Court Dismisses Accenture Leave Policy Lawsuit

May 17, 2005 (PLANSPONSOR.com) - An Accenture employee can't sue the consulting firm over changes in its leave of absence policies since the company partly retracted the rule to which the employee objected.

>US District Judge Thomas Thrash of the US District Court for the Northern District of Georgia dismissed the lawsuit filed by Accenture employee V. Stephen Moore because he lacked the legal standing to pursue his claims, according to a BNA report.

>Moore charged that the consulting firm’s 2002 policy change regarding its leave-of-absence policy violated the Employee Retirement Income Security Act (ERISA) by cutting benefits available to employees who had worked for the firm for less than 10 years.

>According to Thrash’s ruling, Accenture announced that it was changing its leave policy and the related provisions of its health and welfare benefit plans relating to the length of permitted leaves. Under the new policy, those who had fewer than 10 years of service when they started a leave were limited to being off for three years.

>Thrash said the policy change grandfathered under the old leave-of-absence policy employees who were on leave of absence at the time of the announcement – effectively giving the older workers an extra two years leave.

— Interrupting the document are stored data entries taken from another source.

text \<open>
  Complete the optimum to an independent set \<open>Q\<close> of the same rank as the local optimum \<open>S\<close>.
  Hall's theorem yields a bijection \<open>\<pi>\<close> from \<open>Q - S\<close> onto \<open>S - Q\<close> such that every swap
  \<open>S - \<pi> b + b\<close> is independent; none of these swaps improves \<open>\<phi>\<close>. Summing the resulting
  inequalities, submodularity bounds \<open>f Q\<close> by \<open>2 f S\<close> plus distance terms, and averaging the
  relaxed triangle inequality over the swaps bounds the distances inside \<open>Q - S\<close> by \<open>2\<alpha>\<close>
  times the cross distances. When \<open>|Q - S| = 2\<close> and \<open>S \<inter> Q = {}\<close> no common point is
  available for the triangle inequality, but then \<open>Q\<close> is an independent pair and the choice of
  the initial pair \<open>{x, y} \<subseteq> S\<close> gives the bound directly.
\<close>

definition hall_condition :: "('i \<Rightarrow> 'b set) \<Rightarrow> 'i set \<Rightarrow> bool" where
  "hall_condition N I \<longleftrightarrow> (\<forall>X\<subseteq>I. card X \<le> card (\<Union>(N ` X)))"

lemma hall_condition_subset: "hall_condition N I \<Longrightarrow> J \<subseteq> I \<Longrightarrow> hall_condition N J"
  unfolding hall_condition_def by blast

lemma hall_condition_remove_tight:
  assumes fin: "finite I" "\<forall>i\<in>I. finite (N i)" and hall: "hall_condition N I"
    and X: "X \<subseteq> I" "card (\<Union>(N ` X)) \<le> card X"
  shows "hall_condition (\<lambda>i. N i - \<Union>(N ` X)) (I - X)"
  unfolding hall_condition_def
proof (intro allI impI)
  fix Y assume Y: "Y \<subseteq> I - X"
  let ?M = "\<Union>(N ` X)" and ?NYX = "\<Union>(N ` (Y \<union> X))"
  have YX: "Y \<union> X \<subseteq> I" using Y X by auto
  have fin_YX: "finite ?NYX" using YX fin finite_subset by blast
  have M_sub: "?M \<subseteq> ?NYX" by auto
  have "card (\<Union>i\<in>Y. N i - ?M) = card ?NYX - card ?M"
  proof -
    have "(\<Union>i\<in>Y. N i - ?M) = ?NYX - ?M" by auto
    then show ?thesis using card_Diff_subset[OF finite_subset[OF M_sub fin_YX] M_sub] by simp
  qed
  moreover have "card (Y \<union> X) \<le> card ?NYX" using hall YX unfolding hall_condition_def by blast
  moreover have "card (Y \<union> X) = card Y + card X"
    using Y X fin(1) by (subst card_Un_disjoint) (auto intro: finite_subset)
  moreover have "card ?M \<le> card ?NYX" using card_mono[OF fin_YX M_sub] .
  ultimately show "card Y \<le> card (\<Union>i\<in>Y. N i - ?M)" using X(2) by linarith
qed

lemma hall_condition_remove_element:
  assumes fin: "finite I" "\<forall>i\<in>I. finite (N i)" and i0: "i0 \<in> I"
    and strict: "\<And>Y. Y \<subseteq> I \<Longrightarrow> Y \<noteq> {} \<Longrightarrow> Y \<noteq> I \<Longrightarrow> card Y < card (\<Union>(N ` Y))"
  shows "hall_condition (\<lambda>i. N i - {a}) (I - {i0})"
  unfolding hall_condition_def
proof (intro allI impI)
  fix Y assume Y: "Y \<subseteq> I - {i0}"
  show "card Y \<le> card (\<Union>i\<in>Y. N i - {a})"
  proof (cases "Y = {}")
    case False
    have eq: "(\<Union>i\<in>Y. N i - {a}) = \<Union>(N ` Y) - {a}" by auto
    have "card Y < card (\<Union>(N ` Y))" using strict Y i0 False by blast
    moreover have "finite (\<Union>(N ` Y))" using Y fin finite_subset by blast
    then have "card (\<Union>(N ` Y)) - 1 \<le> card (\<Union>(N ` Y) - {a})"
      by (cases "a \<in> \<Union>(N ` Y)") auto
    ultimately show ?thesis unfolding eq by linarith
  qed simp
qed

lemma representatives_glue:
  assumes X: "X \<subseteq> I" and g1: "inj_on g1 X" "\<forall>i\<in>X. g1 i \<in> N i"
    and g2: "inj_on g2 (I - X)" "\<forall>i\<in>I - X. g2 i \<in> N i - \<Union>(N ` X)"
  shows "\<exists>g. inj_on g I \<and> (\<forall>i\<in>I. g i \<in> N i)"
proof -
  define g where "g i = (if i \<in> X then g1 i else g2 i)" for i
  have "inj_on g X" using g1(1) by (simp add: g_def inj_on_def)
  moreover have "inj_on g (I - X)" using g2(1) by (simp add: g_def inj_on_def)
  moreover have "g ` X \<subseteq> \<Union>(N ` X)" using g1(2) by (auto simp: g_def)
  moreover have "g ` (I - X) \<inter> \<Union>(N ` X) = {}" using g2(2) by (auto simp: g_def)
  ultimately have "inj_on g (X \<union> (I - X))" by (simp only: inj_on_Un) blast
  moreover have "X \<union> (I - X) = I" using X by auto
  ultimately show ?thesis using g1(2) g2(2) by (auto simp: g_def)
qed

lemma representatives_extend:
  assumes i0: "i0 \<in> I" and a: "a \<in> N i0"
    and g: "inj_on g (I - {i0})" "\<forall>i\<in>I - {i0}. g i \<in> N i - {a}"
  shows "\<exists>g. inj_on g I \<and> (\<forall>i\<in>I. g i \<in> N i)"
proof -
  have "inj_on (g(i0 := a)) (insert i0 (I - {i0}))"
    using g by (simp add: inj_on_def) blast
  moreover have "insert i0 (I - {i0}) = I" using i0 by blast
  ultimately show ?thesis using g(2) a by auto
qed
(* Under the model below, for all times $t\ge 0$ and every user $k$, $$W_k(0,t) - \hat W_k(0,t) \le (2M-1)L.$$
   Context: Model. There are $K$ users (sessions) with separate FIFO queues, and $N$ servers (subcarriers), each transmitting $r$ bits per unit time, so the total service rate is $Nr$. All packets have the same length $L$ bits. Transmissions are error free. The same packet arrival sequence is fed to two systems, starting empty at time $0$. GPS (generalized processor sharing): a fluid system of total rate $Nr$; each user $k$ has a weight $\phi_k>0$, and at every instant each backlogged user $k$ is served at rate $Nr\,\phi_k/\sum_{j\in B}\phi_j$, where $B$ is the set of currently backlogged users. MPGPS (multi-server packetized GPS) with parameter $M\ge 1$: it is work conserving (servers are never idle while packets are queued). Whenever the servers become idle at a time $\tau$, among all packets queued at $\tau$ it selects the $\min\big(M,\sum_{k}\hat Q_k(\tau)\big)$ packets that would be the first to complete service in the corresponding GPS system if no further packets arrived after $\tau$ ($\hat Q_k(\tau)$ is the number of user-$k$ packets queued under MPGPS at $\tau$). These selected packets form one batch; a batch of $M_h$ packets is transmitted jointly over all $N$ servers at aggregate rate $Nr$, occupying the servers for $M_hL/(Nr)$ time units. $W_k(t_1,t_2)$ (resp. $\hat W_k(t_1,t_2)$) denotes the number of bits of user $k$ served during $(t_1,t_2)$ under GPS (resp. MPGPS). *)

theory Defs
  imports "HOL-Analysis.Analysis"
begin

text \<open>Packets are pairs (k, i): the i-th (0-based) packet of user k.
  P is the set of packets that ever arrive, a p their arrival times.\<close>

definition cum_arr :: "(nat \<times> nat) set \<Rightarrow> (nat \<times> nat \<Rightarrow> real) \<Rightarrow> real \<Rightarrow> nat \<Rightarrow> real \<Rightarrow> real" where
  "cum_arr P a L k t = L * real (card {i. (k, i) \<in> P \<and> a (k, i) \<le> t})"

definition gps_rate :: "nat \<Rightarrow> (nat \<Rightarrow> real) \<Rightarrow> nat \<Rightarrow> real \<Rightarrow> (nat \<Rightarrow> real \<Rightarrow> real)
    \<Rightarrow> (nat \<Rightarrow> real \<Rightarrow> real) \<Rightarrow> nat \<Rightarrow> real \<Rightarrow> real" where
  "gps_rate K \<phi> N r A W k s =
     (if W k s < A k s
      then real N * r * \<phi> k / (\<Sum>j\<in>{j. j < K \<and> W j s < A j s}. \<phi> j)
      else 0)"

text \<open>W is the GPS (fluid) service process for arrivals A: W k t = W_k(0,t).\<close>
definition is_gps :: "nat \<Rightarrow> (nat \<Rightarrow> real) \<Rightarrow> nat \<Rightarrow> real \<Rightarrow> (nat \<Rightarrow> real \<Rightarrow> real)
    \<Rightarrow> (nat \<Rightarrow> real \<Rightarrow> real) \<Rightarrow> bool" where
  "is_gps K \<phi> N r A W \<longleftrightarrow>
     (\<forall>k<K. \<forall>t\<ge>0. (gps_rate K \<phi> N r A W k has_integral W k t) {0..t})"

definition gps_finish :: "(nat \<Rightarrow> real \<Rightarrow> real) \<Rightarrow> real \<Rightarrow> nat \<times> nat \<Rightarrow> real" where
  "gps_finish W L p = Inf {t. 0 \<le> t \<and> real (Suc (snd p)) * L \<le> W (fst p) t}"

definition batch_end :: "real \<Rightarrow> nat \<Rightarrow> real \<Rightarrow> (nat \<Rightarrow> real) \<Rightarrow> (nat \<Rightarrow> (nat \<times> nat) set) \<Rightarrow> nat \<Rightarrow> real" where
  "batch_end L N r s S h = s h + real (card (S h)) * L / (real N * r)"

definition served_before :: "(nat \<Rightarrow> (nat \<times> nat) set) \<Rightarrow> nat \<Rightarrow> (nat \<times> nat) set" where
  "served_before S h = (\<Union>h'<h. S h')"

definition queued_at :: "(nat \<times> nat) set \<Rightarrow> (nat \<times> nat \<Rightarrow> real) \<Rightarrow> (nat \<Rightarrow> real)
    \<Rightarrow> (nat \<Rightarrow> (nat \<times> nat) set) \<Rightarrow> nat \<Rightarrow> (nat \<times> nat) set" where
  "queued_at P a s S h = {p \<in> P. a p \<le> s h} - served_before S h"

text \<open>The MPGPS schedule: batches h < nb (nb possibly infinite), batch h starts at s h
  and consists of the packet set S h.  Wt \<tau> is the GPS service process when no
  packets arrive after \<tau> (arrivals at \<tau> included).\<close>
definition is_mpgps :: "(nat \<times> nat) set \<Rightarrow> (nat \<times> nat \<Rightarrow> real) \<Rightarrow> real \<Rightarrow> nat \<Rightarrow> real \<Rightarrow> nat
    \<Rightarrow> (real \<Rightarrow> nat \<Rightarrow> real \<Rightarrow> real) \<Rightarrow> (nat \<Rightarrow> real) \<Rightarrow> (nat \<Rightarrow> (nat \<times> nat) set) \<Rightarrow> enat \<Rightarrow> bool" where
  "is_mpgps P a L N r M Wt s S nb \<longleftrightarrow>
     (\<forall>h. enat h < nb \<longrightarrow>
        S h \<noteq> {} \<and>
        S h \<subseteq> queued_at P a s S h \<and>
        card (S h) = min M (card (queued_at P a s S h)) \<and>
        (\<forall>p\<in>S h. \<forall>q\<in>queued_at P a s S h - S h.
            gps_finish (Wt (s h)) L p \<le> gps_finish (Wt (s h)) L q) \<and>
        s h = max (if h = 0 then 0 else batch_end L N r s S (h - 1))
                  (Inf (a ` (P - served_before S h)))) \<and>
     (\<forall>n. nb = enat n \<longrightarrow> served_before S n = P)"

>Moore filed a class action suit against Accenture and its benefit plans in October 2004, alleging the new leave-of-absence policy violated ERISA. Moore voluntarily withdrew the suit a day before Accenture notified the grandfathered employees it had decided not to apply the new policy to them.

>But, two weeks later, Moore refiled the complaint, re-alleging the ERISA violations and asking for lawyers’ fees.

>Thrash said he threw out Moore’s second suit because of Accenture’s decision to partly withdraw the policy change. “The Plaintiff’s complaint contains only allegations of past injury caused by the imposition of the leave of absence policy, injuries which have since been resolved by Accenture’s decision not to apply the policy to the employees at issue,” Thrash wrote.

>The case is Moore v. Accenture LLP, N.D. Ga., No. 1:04-CV-3717-TWT, 5/6/05.